The prospect that the jolt to global energy supplies could endure had boosted oil prices about 9% to $100 a barrel on Thursday, helping drive down US stocks.
With petrol and diesel prices rising at pumps in the US and around the world, the US on Thursday issued a 30-day licence for countries to buy Russian oil and petroleum products at sea — where it is not uncommon for consignments to be sold or change their buyer.
US to profit from higher oil prices
The International Energy Agency said on Thursday the war was creating the biggest oil supply disruption in history. Average US retail diesel prices hit $4.89 a gallon on Thursday, the highest since December 2022, data from the motorist association AAA showed.
Trump said the US stood to profit from higher oil prices.
“The US is the largest oil producer in the world, by far, so when oil prices go up, we make a lot of money,” he said on social media on Thursday, adding that the priority was to prevent Iran acquiring nuclear weapons.
Also casting the disruption in a positive light, his treasury secretary, Scott Bessent, called the rise in oil prices a “temporary disruption that will result in a massive benefit to our nation and economy in the long term”.
In a post on social media, Trump said the US was “totally destroying the terrorist regime of Iran”.
“We have unparalleled firepower, unlimited ammunition, and plenty of time — watch what happens to these deranged scumbags today,” Trump said.
“They’ve been killing innocent people all over the world for 47 years, and now I, as the 47th president of the United States of America, am killing them. What a great honour it is to do so!”
The news outlet Axios cited three officials from the Western Group of Seven powers as saying Trump had told G7 leaders in a virtual meeting on Wednesday that Iran was “about to surrender”.

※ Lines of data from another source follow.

(* Let $\mathcal H_+=\mathcal H_-=\mathbb C^2$, $\mathcal H=\mathcal H_+\oplus\mathcal H_-$. Fix $b>0$ and $d_1,d_2\in i\mathbb R$, and put $B=\begin{pmatrix}b&0\\0&0\end{pmatrix}$, $D=\begin{pmatrix}d_1&0\\0&d_2\end{pmatrix}$. For $\alpha,\beta\in\mathbb C$ with $|\alpha|^2+|\beta|^2=1$ let $u=\begin{pmatrix}\alpha&0\\ \beta&0\end{pmatrix}$ and $$\mu=\begin{pmatrix}0&-Bu^*\\ uB&D\end{pmatrix}.$$ Then for all integers $n\ge1$ and $1\le k\le n+1$ there exist polynomials $p_1,p_2$ in two variables with real coefficients (depending only on $n,k,b,d_1,d_2$) such that for all such $\alpha,\beta$, $$i^{n+1}\big(\mu H^{n-1}_{k-1}(\mu)\big)_{--}\,u=\begin{pmatrix} i\,p_1(|\alpha|^2,|\beta|^2)\,\alpha & 0\\ i\,p_2(|\alpha|^2,|\beta|^2)\,\beta & 0\end{pmatrix}.$$ Equivalently, the equation $\frac{\partial}{\partial t^n_k}u=i^{n+1}(\mu H^{n-1}_{k-1}(\mu))_{--}u$ becomes $\frac{\partial}{\partial t^n_k}\alpha=i p_1(|\alpha|^2,|\beta|^2)\alpha$, $\frac{\partial}{\partial t^n_k}\beta=i p_2(|\alpha|^2,|\beta|^2)\beta$.
   Context: $P_+$ and $P_-$ denote the orthogonal projectors of $\mathcal H$ onto $\mathcal H_+$ and $\mathcal H_-$; for an operator $X$ on $\mathcal H$, $X_{--}$ denotes the block $P_-XP_-$ regarded as an operator on $\mathcal H_-$. For integers $m\ge 0$ and $0\le l\le m+1$ and a matrix $\mu$ on $\mathcal H$, define $$H^m_l(\mu)=\sum_{\substack{i_0,\dots,i_m\in\{0,1\}\\ i_0+\dots+i_m=l}} P_+^{i_0}\mu P_+^{i_1}\mu\cdots\mu P_+^{i_m},$$ with $P_+^0=I$ the identity and $P_+^1=P_+$. *)

theory Defs
  imports Complex_Main "Jordan_Normal_Form.Matrix"
begin

text \<open>H = H_+ (+) H_-, with H_+ = H_- = C^2; H = C^4, coordinates 0,1 span H_+,
  coordinates 2,3 span H_-. Matrices are Jordan_Normal_Form matrices.\<close>

definition Pplus :: "complex mat" where
  "Pplus = four_block_mat (1\<^sub>m 2) (0\<^sub>m 2 2) (0\<^sub>m 2 2) (0\<^sub>m 2 2)"

text \<open>P_+^0 = I, P_+^1 = P_+ (encoded by booleans False / True)\<close>
definition Ppow :: "bool \<Rightarrow> complex mat" where
  "Ppow i = (if i then Pplus else 1\<^sub>m 4)"

text \<open>P_+^{i_0} mu P_+^{i_1} mu ... mu P_+^{i_m} for the list [i_0,...,i_m]\<close>
fun Hword :: "complex mat \<Rightarrow> bool list \<Rightarrow> complex mat" where
  "Hword mu [] = 1\<^sub>m 4"
| "Hword mu [i] = Ppow i"
| "Hword mu (i # j # js) = Ppow i * mu * Hword mu (j # js)"

text \<open>H^m_l(mu) (4x4 matrix sum, taken entrywise): sum over (i_0,...,i_m) in {0,1}^(m+1) with i_0+...+i_m = l\<close>
definition H :: "nat \<Rightarrow> nat \<Rightarrow> complex mat \<Rightarrow> complex mat" where
  "H m l mu = mat 4 4 (\<lambda>(r, c). \<Sum>is \<in> {is :: bool list. length is = m + 1 \<and> length (filter id is) = l}.
      Hword mu is $$ (r, c))"

text \<open>X_{--} = P_- X P_- regarded as an operator on H_-\<close>
definition blk_mm :: "complex mat \<Rightarrow> complex mat" where
  "blk_mm X = mat 2 2 (\<lambda>(i, j). X $$ (i + 2, j + 2))"

definition adj :: "complex mat \<Rightarrow> complex mat" where
  "adj A = transpose_mat (map_mat cnj A)"

definition Bm :: "real \<Rightarrow> complex mat" where
  "Bm b = mat_of_rows_list 2 [[complex_of_real b, 0], [0, 0]]"

definition Dm :: "complex \<Rightarrow> complex \<Rightarrow> complex mat" where
  "Dm d1 d2 = mat_of_rows_list 2 [[d1, 0], [0, d2]]"

definition um :: "complex \<Rightarrow> complex \<Rightarrow> complex mat" where
  "um \<alpha> \<beta> = mat_of_rows_list 2 [[\<alpha>, 0], [\<beta>, 0]]"

definition mu :: "real \<Rightarrow> complex \<Rightarrow> complex \<Rightarrow> complex \<Rightarrow> complex \<Rightarrow> complex mat" where
  "mu b d1 d2 \<alpha> \<beta> = four_block_mat (0\<^sub>m 2 2) (- (Bm b * adj (um \<alpha> \<beta>)))
                                     (um \<alpha> \<beta> * Bm b) (Dm d1 d2)"
text \<open>The polar form r^2 \<Delta>g = r d/dr (r dg/dr) + d^2g/dt^2 at (r cos t, r sin t), written with
  s = sin t, c = cos t, the first partials X, Y and the second partials A, B, C, D of g.\<close>
lemma polar_laplacian_identity:
  fixes r s c X Y A B C D :: real
  assumes "s\<^sup>2 + c\<^sup>2 = 1"
  shows "r * ((c * X + s * Y) + r * (c * (c * A + s * B) + s * (c * C + s * D)))
     + (- r * c * X - r * s * (- r * s * A + r * c * B) - r * s * Y + r * c * (- r * s * C + r * c * D))
     = r\<^sup>2 * (A + D)"
  using assms by algebra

Iran’s new supreme leader, Mojtaba Khamenei, in his first comments on Thursday, vowed to keep the Strait of Hormuz shut and urged neighbouring countries to close US bases on their territory or risk being attacked themselves.
Khamenei’s comments were read out by a television presenter and it was not clear why he had not appeared in person. Iranian officials have said he is lightly wounded; Trump has said he thinks Khamenei is alive but “damaged”.
US defence secretary Pete Hegseth said on Friday Khamenei is wounded and could be disfigured. “We know the new so-called not so supreme leader is wounded and likely disfigured. He put out a statement yesterday. A weak one, actually, but there was no voice and there was no video. It was a written statement,” Hegseth told a briefing.
“Iran has plenty of cameras and plenty of voice recorders. Why a written statement? I think you know why. His father — dead. He’s scared, he’s injured, he’s on the run and he lacks legitimacy.”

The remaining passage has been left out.